Me: Hahaha! *raises bottle*
I slept like a log last night.
A badger pissed on me.
In my day, milk crates were used only for their God given purpose – holding your record albums
Oh sweet embrace of morning, envelope me in your welcoming arms & brightly shine on this glorious GODDAMMIT! WHO DIDN’T FLUSH THE TOILET?!
Me: I’ve hit rock bottom
The Rock: Harder
Me, at the intervention: “Ah look, all the reasons I drink gathered in one place.”
Drake: you used to call me on my cell phone
Me: that’s what cell phones are for
You know you’re hung over when people recognize you but they think you’re E.T.
date: oh you want to be an astronaut? wow you must be so adventurous
me: [knows that bone mass decreases in space making it the safest place to be when the skeleton war begins] yeah final frontier and all that haha
Get pissed all you want but if we brought a screaming baby into your workplace you would ask us to leave it outside too.
Hold on, you guys.
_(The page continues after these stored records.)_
lemma \<mu>_frequently_small:
  assumes "0 < \<epsilon>"
  shows "\<exists>k\<ge>N. \<mu> k < \<epsilon>"
proof -
  have "compact (closure (\<gamma> ` cball 0 1))"
    using compact_operator by (simp add: compact_operator_def)
  moreover have "\<gamma> (e k) \<in> closure (\<gamma> ` cball 0 1)" for k
    using unit_or_zero[of k] closure_subset by (metis image_eqI mem_cball_0 norm_zero order_refl
        zero_le_one subsetD)
  ultimately obtain k where "k \<ge> N" "norm (\<gamma> (e k)) < sqrt \<epsilon>"
    using orthogonal_seq_in_compact_frequently_small[of _ "\<lambda>k. \<gamma> (e k)"] gamma_e_orthogonal assms
    by (metis real_sqrt_gt_zero)
  moreover have "(norm (\<gamma> (e k)))\<^sup>2 < (sqrt \<epsilon>)\<^sup>2"
    using calculation(2) by (intro power_strict_mono) auto
  ultimately show ?thesis
    using assms by (auto simp: \<mu>_def)
qed

lemma \<mu>_tendsto_zero: "\<mu> \<longlonglongrightarrow> 0"
proof (rule order_tendstoI)
  show "\<forall>\<^sub>F k in sequentially. a < \<mu> k" if "a < 0" for a
  proof -
    have "a < \<mu> k" for k
      using that \<mu>_nonneg[of k] by linarith
    then show ?thesis
      by (simp add: always_eventually)
  qed
  show "\<forall>\<^sub>F k in sequentially. \<mu> k < a" if "0 < a" for a
  proof -
    obtain k0 where "\<mu> k0 < a"
      using \<mu>_frequently_small[OF \<open>0 < a\<close>] by blast
    moreover have "\<mu> k \<le> \<mu> k0" if "k0 \<le> k" for k
      using decseq_SucI[of \<mu>, OF \<mu>_Suc_le] \<open>k0 \<le> k\<close> by (simp add: decseq_def)
    ultimately show ?thesis
      by (auto simp: eventually_sequentially intro: le_less_trans)
  qed
qed

definition residual :: "nat \<Rightarrow> 'v \<Rightarrow> 'v"
  where "residual k x = x - (\<Sum>j<k. inner (e j) x *\<^sub>R e j)"

lemma inner_e_sum:
  assumes "i < k"
  shows "inner (e i) (\<Sum>j<k. inner (e j) x *\<^sub>R e j) = inner (e i) x"
proof -
  have "(\<Sum>j<k. inner (e j) x * inner (e i) (e j)) = (\<Sum>j<k. if j = i then inner (e i) x else 0)"
    by (rule sum.cong) (auto simp: inner_e_e)
  then show ?thesis
    using assms by (simp add: inner_sum_right)
qed

lemma residual_in_complement: "residual k x \<in> (e ` {..<k})\<^sup>\<bottom>"
  by (auto simp: orthogonal_comp_def orthogonal_def residual_def inner_diff_right inner_e_sum)

lemma norm_residual_le: "norm (residual k x) \<le> norm x"
proof -
  have "orthogonal (residual k x) (\<Sum>j<k. inner (e j) x *\<^sub>R e j)"
    using residual_in_complement[of k x]
    by (intro orthogonal_rvsum) (auto simp: orthogonal_comp_def orthogonal_clauses orthogonal_commute)
  then have "(norm x)\<^sup>2 = (norm (residual k x))\<^sup>2 + (norm (\<Sum>j<k. inner (e j) x *\<^sub>R e j))\<^sup>2"
    using norm_add_Pythagorean by (fastforce simp: residual_def)
  then show ?thesis
    by (simp add: power2_le_imp_le)
qed

lemma eigen: "inner (\<gamma> (e k)) (\<gamma> v) = \<mu> k * inner (e k) v"
proof -
  interpret \<gamma>: linear \<gamma> by (fact linear)
  have "(\<Sum>j<k. inner (e j) v * inner (\<gamma> (e k)) (\<gamma> (e j))) = 0"
    using gamma_e_orthogonal by (intro sum.neutral) (auto simp: orthogonal_def)
  then have "inner (\<gamma> (e k)) (\<gamma> (residual k v)) = inner (\<gamma> (e k)) (\<gamma> v)"
    by (simp add: residual_def \<gamma>.diff \<gamma>.sum \<gamma>.scale inner_diff_right inner_sum_right)
  moreover have "(\<Sum>j<k. inner (e j) v * inner (e k) (e j)) = 0"
    by (intro sum.neutral) (simp add: inner_e_e)
  then have "inner (e k) (residual k v) = inner (e k) v"
    by (simp add: residual_def inner_diff_right inner_sum_right)
  ultimately show ?thesis
    using eigen_on_complement[OF residual_in_complement] by simp
qed

lemma norm_gamma_expansion:
  "(norm (\<gamma> x))\<^sup>2 = (\<Sum>j<k. \<mu> j * (inner (e j) x)\<^sup>2) + (norm (\<gamma> (residual k x)))\<^sup>2"
proof -
  interpret \<gamma>: linear \<gamma> by (fact linear)
  define c where "c j = inner (e j) x" for j
  have "\<gamma> x = \<gamma> (residual k x) + (\<Sum>j<k. c j *\<^sub>R \<gamma> (e j))"
    by (simp add: residual_def c_def \<gamma>.diff \<gamma>.sum \<gamma>.scale)
  moreover have "orthogonal (\<gamma> (residual k x)) (\<Sum>j<k. c j *\<^sub>R \<gamma> (e j))"
    using residual_in_complement[of k x]
    by (intro orthogonal_rvsum) (auto simp: orthogonal_def orthogonal_comp_def eigen inner_commute)
  moreover have "(norm (\<Sum>j<k. c j *\<^sub>R \<gamma> (e j)))\<^sup>2 = (\<Sum>j<k. (norm (c j *\<^sub>R \<gamma> (e j)))\<^sup>2)"
    using gamma_e_orthogonal
    by (intro norm_sum_Pythagorean) (auto simp: pairwise_def orthogonal_clauses)
  moreover have "(norm (c j *\<^sub>R \<gamma> (e j)))\<^sup>2 = \<mu> j * (c j)\<^sup>2" for j
    by (simp add: \<mu>_def power_mult_distrib)
  ultimately show ?thesis
    by (simp add: norm_add_Pythagorean c_def add.commute)
qed

lemma norm_gamma_residual_le: "(norm (\<gamma> (residual k x)))\<^sup>2 \<le> \<mu> k * (norm x)\<^sup>2"
proof -
  have "(norm (\<gamma> (residual k x)))\<^sup>2 \<le> \<mu> k * (norm (residual k x))\<^sup>2"
    using maximal[OF residual_in_complement] by (simp add: \<mu>_def)
  also have "\<dots> \<le> \<mu> k * (norm x)\<^sup>2"
    using norm_residual_le \<mu>_nonneg by (intro mult_left_mono power_mono) auto
  finally show ?thesis .
qed

lemma steklov_eigenvalue_inverse_\<mu>:
  assumes "0 < \<mu> k"
  shows "steklov_eigenvalue \<gamma> (1 / \<mu> k)"
  unfolding steklov_eigenvalue_def
proof (intro exI conjI allI)
  show "e k \<noteq> 0"
    using assms linear_0[OF linear] by (auto simp: \<mu>_def)
  show "inner (e k) v = 1 / \<mu> k * inner (\<gamma> (e k)) (\<gamma> v)" for v
    using assms by (simp add: eigen)
qed

lemma weighted_defect_le:
  assumes "\<forall>v. inner w v = inner u v - lam_star * inner (\<gamma> u) (\<gamma> v)"
  shows "(\<Sum>j<k. \<mu> j * (inner (e j) u)\<^sup>2 * (1 - lam_star * \<mu> j)\<^sup>2) \<le> (norm (\<gamma> w))\<^sup>2"
proof -
  have "inner (e j) w = (1 - lam_star * \<mu> j) * inner (e j) u" for j
    using assms[rule_format, of "e j"] eigen[of j u] by (simp add: inner_commute algebra_simps)
  then have "(\<Sum>j<k. \<mu> j * (inner (e j) u)\<^sup>2 * (1 - lam_star * \<mu> j)\<^sup>2) = (\<Sum>j<k. \<mu> j * (inner (e j) w)\<^sup>2)"
    by (simp add: power_mult_distrib mult_ac)
  also have "\<dots> \<le> (norm (\<gamma> w))\<^sup>2"
    using norm_gamma_expansion[of w k] by simp
  finally show ?thesis .
qed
Turns out the person with bad opinions is extremely attractive. I’m on their side now.
If you’re a parent don’t forget to set your clocks forward and then jump out the window.
When life gives you chlamydia, make lemon chlamydia?
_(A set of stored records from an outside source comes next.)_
lemma sum_residue_class_diff_le_variation:
  fixes q :: "nat \<Rightarrow> real"
  assumes "r < d" "s < d"
  shows "\<bar>(\<Sum>l\<in>{l. l < N \<and> l mod d = r}. q l) - (\<Sum>l\<in>{l. l < N \<and> l mod d = s}. q l)\<bar>
       \<le> (\<Sum>k<N. \<bar>backward_diff q k\<bar>)"
proof -
  define c where "c t k = real (card {l. k \<le> l \<and> l < N \<and> l mod d = t})" for t k
  have "\<bar>(\<Sum>l\<in>{l. l < N \<and> l mod d = r}. q l) - (\<Sum>l\<in>{l. l < N \<and> l mod d = s}. q l)\<bar>
      = \<bar>\<Sum>k<N. backward_diff q k * (c r k - c s k)\<bar>"
    unfolding sum_residue_class_summation_by_parts c_def
    by (simp add: sum_subtractf right_diff_distrib)
  also have "\<dots> \<le> (\<Sum>k<N. \<bar>backward_diff q k * (c r k - c s k)\<bar>)"
    by (rule sum_abs)
  also have "\<dots> = (\<Sum>k<N. \<bar>backward_diff q k\<bar> * \<bar>c r k - c s k\<bar>)"
    by (simp add: abs_mult)
  also have "\<dots> \<le> (\<Sum>k<N. \<bar>backward_diff q k\<bar>)"
    using card_residue_class_interval_diff_le_1[OF assms]
    by (intro sum_mono) (simp add: c_def mult_left_le)
  finally show ?thesis .
qed

lemma variation_unimodal_eq:
  fixes q :: "nat \<Rightarrow> real"
  assumes nonneg: "\<And>k. 0 \<le> q k"
    and incr: "\<And>k. k < m \<Longrightarrow> q k \<le> q (Suc k)"
    and decr: "\<And>k. m \<le> k \<Longrightarrow> q (Suc k) \<le> q k"
  shows "(\<Sum>k\<le>j. \<bar>backward_diff q k\<bar>) = (if j \<le> m then q j else 2 * q m - q j)"
proof (induction j)
  case 0
  then show ?case using nonneg[of 0] by (simp add: backward_diff_def)
next
  case (Suc j)
  have "(\<Sum>k\<le>Suc j. \<bar>backward_diff q k\<bar>)
      = (if j \<le> m then q j else 2 * q m - q j) + \<bar>q (Suc j) - q j\<bar>"
    using Suc.IH by (simp add: backward_diff_def)
  then show ?case
    using incr[of j] decr[of j] by (cases "Suc j \<le> m"; cases "j = m") auto
qed

lemma variation_unimodal_le:
  fixes q :: "nat \<Rightarrow> real"
  assumes nonneg: "\<And>k. 0 \<le> q k"
    and incr: "\<And>k. k < m \<Longrightarrow> q k \<le> q (Suc k)"
    and decr: "\<And>k. m \<le> k \<Longrightarrow> q (Suc k) \<le> q k"
  shows "(\<Sum>k<N. \<bar>backward_diff q k\<bar>) \<le> 2 * q m"
proof (cases N)
  case 0
  then show ?thesis using nonneg by simp
next
  case (Suc j)
  have "q j \<le> q m" if "j \<le> m"
    by (rule lift_Suc_mono_le_ivl[of "{..<m}", OF _ that]) (auto intro: incr)
  then show ?thesis
    using Suc variation_unimodal_eq[of q m j, OF assms] nonneg[of j] by (auto simp: lessThan_Suc_atMost)
qed

lemma abs_diff_mean_le:
  fixes S :: "'a \<Rightarrow> real"
  assumes "finite A" "A \<noteq> {}" "\<And>s. s \<in> A \<Longrightarrow> \<bar>S r - S s\<bar> \<le> c"
  shows "\<bar>S r - sum S A / real (card A)\<bar> \<le> c"
proof -
  have card_pos: "real (card A) > 0" using assms(1,2) by (simp add: card_gt_0_iff)
  have "S r - sum S A / real (card A) = (\<Sum>s\<in>A. S r - S s) / real (card A)"
    using card_pos by (simp add: sum_subtractf field_simps)
  then have "\<bar>S r - sum S A / real (card A)\<bar> = \<bar>\<Sum>s\<in>A. S r - S s\<bar> / real (card A)"
    by simp
  also have "\<dots> \<le> (\<Sum>s\<in>A. \<bar>S r - S s\<bar>) / real (card A)"
    using card_pos by (intro divide_right_mono sum_abs) simp
  also have "\<dots> \<le> (\<Sum>s\<in>A. c) / real (card A)"
    using card_pos assms(3) by (intro divide_right_mono sum_mono) auto
  also have "\<dots> = c" using card_pos by simp
  finally show ?thesis .
qed

lemma Bernstein_eq_0: "n < k \<Longrightarrow> Bernstein n k x = 0"
  by (simp add: Bernstein_def)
Pillow 1: I hate their big heads
Pillow 2: And that dandruff
Pillow 1: Sometimes he puts me between his legs
Pillow 2: GROSS*Pillow Talk
she wears short skirts
I eat pizza
she’s cheer captain
and I’m still eating pizza
PROSECUTOR: Well, if you and your bandmates truly AREN’T responsible for the arson – as you claim – then I’m sure you wouldn’t mind revealing to the jury just which parties, locations, or world events you think ARE responsible?
*Billy Joel takes a deep breath*
Sometimes I just start counting and hope the person talking to me will go hide.
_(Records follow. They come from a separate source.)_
(* Let $C_N$ be the undirected cycle on $N$ vertices, $r>0$ and $\delta\in[0,1]$, and consider the mixed $\delta$-updating process starting with a single mutant. Define $F_k:=rk+(N-k)$ and $$\gamma_k=\begin{cases}\dfrac{(1-\delta)/F_k+\delta/N}{(1-\delta)r/F_k+2r\delta/((1+r)N)}&\text{if }k=1,\\[8pt]\dfrac{(1-\delta)/F_k+2\delta/((1+r)N)}{(1-\delta)r/F_k+\delta/N}&\text{if }k=N-1,\\[8pt]\dfrac{(1-\delta)/F_k+2\delta/((1+r)N)}{(1-\delta)r/F_k+2r\delta/((1+r)N)}&\text{otherwise}.\end{cases}$$ Then $$\mathsf{fp}_r^\delta(C_N)=\frac{1}{1+\sum_{j=1}^{N-1}\prod_{k=1}^{j}\gamma_k}.$$
   Context: Mixed $\delta$-updating on an undirected unweighted graph $G=(V,E)$ with $N$ vertices: each vertex holds a mutant (fitness $r$) or wild-type (fitness $1$); $f_S(u)$ is the fitness at $u$ when $S$ is the mutant set. At each step, with probability $\delta$ a death-Birth step: choose $v$ uniformly to die, choose a neighbor $u$ of $v$ with probability proportional to $f_S(u)$, $u$ copies its type onto $v$; with probability $1-\delta$ a Birth-death step: choose $u$ with probability proportional to $f_S(u)$ among all vertices, choose a uniformly random neighbor $v$ of $u$, $u$ copies its type onto $v$. $\mathsf{fp}_r^\delta(G)=\frac1N\sum_{u\in V}\mathsf{fp}_r^\delta(G,\{u\})$, where $\mathsf{fp}_r^\delta(G,S_0)$ is the probability all vertices eventually become mutant from mutant set $S_0$ (on the cycle this is the same for every single starting vertex). *)

theory Defs
  imports Complex_Main
begin

text \<open>Graphs: vertex set V (finite set of nats), symmetric irreflexive adjacency E.
  Mutant set S. Fitness: r for mutants, 1 for wild types.\<close>

definition fit :: "real \<Rightarrow> nat set \<Rightarrow> nat \<Rightarrow> real" where
  "fit r S u = (if u \<in> S then r else 1)"

definition nbrs :: "nat set \<Rightarrow> (nat \<Rightarrow> nat \<Rightarrow> bool) \<Rightarrow> nat \<Rightarrow> nat set" where
  "nbrs V E v = {u \<in> V. E v u}"

definition upd :: "nat set \<Rightarrow> nat \<Rightarrow> nat \<Rightarrow> nat set" where
  "upd S v u = (if u \<in> S then insert v S else S - {v})"

text \<open>hitp V E r d n S = probability that the mixed d-updating process started
  from mutant set S is in the all-mutant state V after n steps
  (first-step decomposition of the n-step transition probability).\<close>
primrec hitp :: "nat set \<Rightarrow> (nat \<Rightarrow> nat \<Rightarrow> bool) \<Rightarrow> real \<Rightarrow> real \<Rightarrow> nat \<Rightarrow> nat set \<Rightarrow> real" where
  "hitp V E r d 0 S = (if S = V then 1 else 0)"
| "hitp V E r d (Suc n) S =
     d * (\<Sum>v\<in>V. (1 / real (card V)) *
            (\<Sum>u\<in>nbrs V E v. fit r S u / (\<Sum>w\<in>nbrs V E v. fit r S w)
                                 * hitp V E r d n (upd S v u)))
   + (1 - d) * (\<Sum>u\<in>V. fit r S u / (\<Sum>w\<in>V. fit r S w) *
            (\<Sum>v\<in>nbrs V E u. (1 / real (card (nbrs V E u)))
                                 * hitp V E r d n (upd S v u)))"

text \<open>Fixation probability from S0: probability of eventually reaching the
  (absorbing) all-mutant state = limit of the n-step probabilities.\<close>
definition fp_from :: "nat set \<Rightarrow> (nat \<Rightarrow> nat \<Rightarrow> bool) \<Rightarrow> real \<Rightarrow> real \<Rightarrow> nat set \<Rightarrow> real" where
  "fp_from V E r d S0 = lim (\<lambda>n. hitp V E r d n S0)"

definition fp :: "nat set \<Rightarrow> (nat \<Rightarrow> nat \<Rightarrow> bool) \<Rightarrow> real \<Rightarrow> real \<Rightarrow> real" where
  "fp V E r d = (1 / real (card V)) * (\<Sum>u\<in>V. fp_from V E r d {u})"

definition cycle_adj :: "nat \<Rightarrow> nat \<Rightarrow> nat \<Rightarrow> bool" where
  "cycle_adj N u v = (v = (u + 1) mod N \<or> u = (v + 1) mod N)"

definition Fk :: "nat \<Rightarrow> real \<Rightarrow> nat \<Rightarrow> real" where
  "Fk N r k = r * real k + (real N - real k)"

definition gamma :: "nat \<Rightarrow> real \<Rightarrow> real \<Rightarrow> nat \<Rightarrow> real" where
  "gamma N r d k =
    (if k = 1 then
       ((1 - d) / Fk N r k + d / real N) /
       ((1 - d) * r / Fk N r k + 2 * r * d / ((1 + r) * real N))
     else if k = N - 1 then
       ((1 - d) / Fk N r k + 2 * d / ((1 + r) * real N)) /
       ((1 - d) * r / Fk N r k + d / real N)
     else
       ((1 - d) / Fk N r k + 2 * d / ((1 + r) * real N)) /
       ((1 - d) * r / Fk N r k + 2 * r * d / ((1 + r) * real N)))"

end

theory Submission
  imports Defs
begin

text \<open>
  Started from a single mutant, the mutants on the cycle always form an arc, and since rotations
  are automorphisms of the cycle, the probability of fixation within n steps from an arc depends
  only on its length k. In one step only the two edges at the ends of the arc can change the
  state, so the arc length performs a birth-death chain on 0..N whose up and down probabilities
  are sums of two copying probabilities each; their ratio is gamma k. The hitting probabilities
  increase to a limit that satisfies the balance equations of this chain, and solving them as
  in gambler's ruin gives the fixation probability.
\<close>

section \<open>Birth-death chains\<close>

primrec bd_absorb :: "(nat \<Rightarrow> real) \<Rightarrow> (nat \<Rightarrow> real) \<Rightarrow> nat \<Rightarrow> nat \<Rightarrow> nat \<Rightarrow> real" where
  "bd_absorb p q N 0 k = (if k = N then 1 else 0)"
| "bd_absorb p q N (Suc n) k =
     (if k = 0 then 0 else if k = N then 1 else
        p k * bd_absorb p q N n (k + 1) + q k * bd_absorb p q N n (k - 1)
        + (1 - p k - q k) * bd_absorb p q N n k)"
Cop: What is your line of business?
Me [mumbling]: Treason stuff.
Cop: Louder for the microphone.
Me: Trees ‘n’ stuff. Gardening.
My husband just announced he cleaned the bathroom.
In related news, my husband doesn’t know the definition of either “clean” or “bathroom.”
me: we should tell our son he’s adopted
wife: but he isn’t
me: I know but I’m bored
The only excuse for the kinds of storms that have been coming is that someone somewhere is losing a game of Jumanji…
When I was much younger, my father giving me a sip of some Budweiser beer hoping to somehow sway me from drinking beer. All it did was teach me what beers to avoid.
My favourite part about playing video games is probably thwarting evil. You never get to thwart anything in real life. I like to thwart.
culinary school students be like “bruh i got spaghetti due at midnight 😰”
if i ever go missing please don’t use that photo of me holding a sign that says “if i ever go missing don’t look for me.” thanks
Travel Tips
1. Pack light
2. Dress comfortably
3. Bring a book
4. Anything can happen
5. You’ll probably get killed
6. Don’t leave the house
My kids think they’re way cooler than me like WHATEVER nerds by your age I’d already had my license, sex, and a visit by the FBI.
*Cleans out purse and finds another purse*
My wife is the most beautiful, intelligent person standing right behind me reading my Twitter feed.
911: What’s your emergency?
I’m being held hostage by the Swedish mafia!
911: Are you being tortured?
They’re making me put together an IKEA Poäng chair
911: Just asking for a friend, but what color?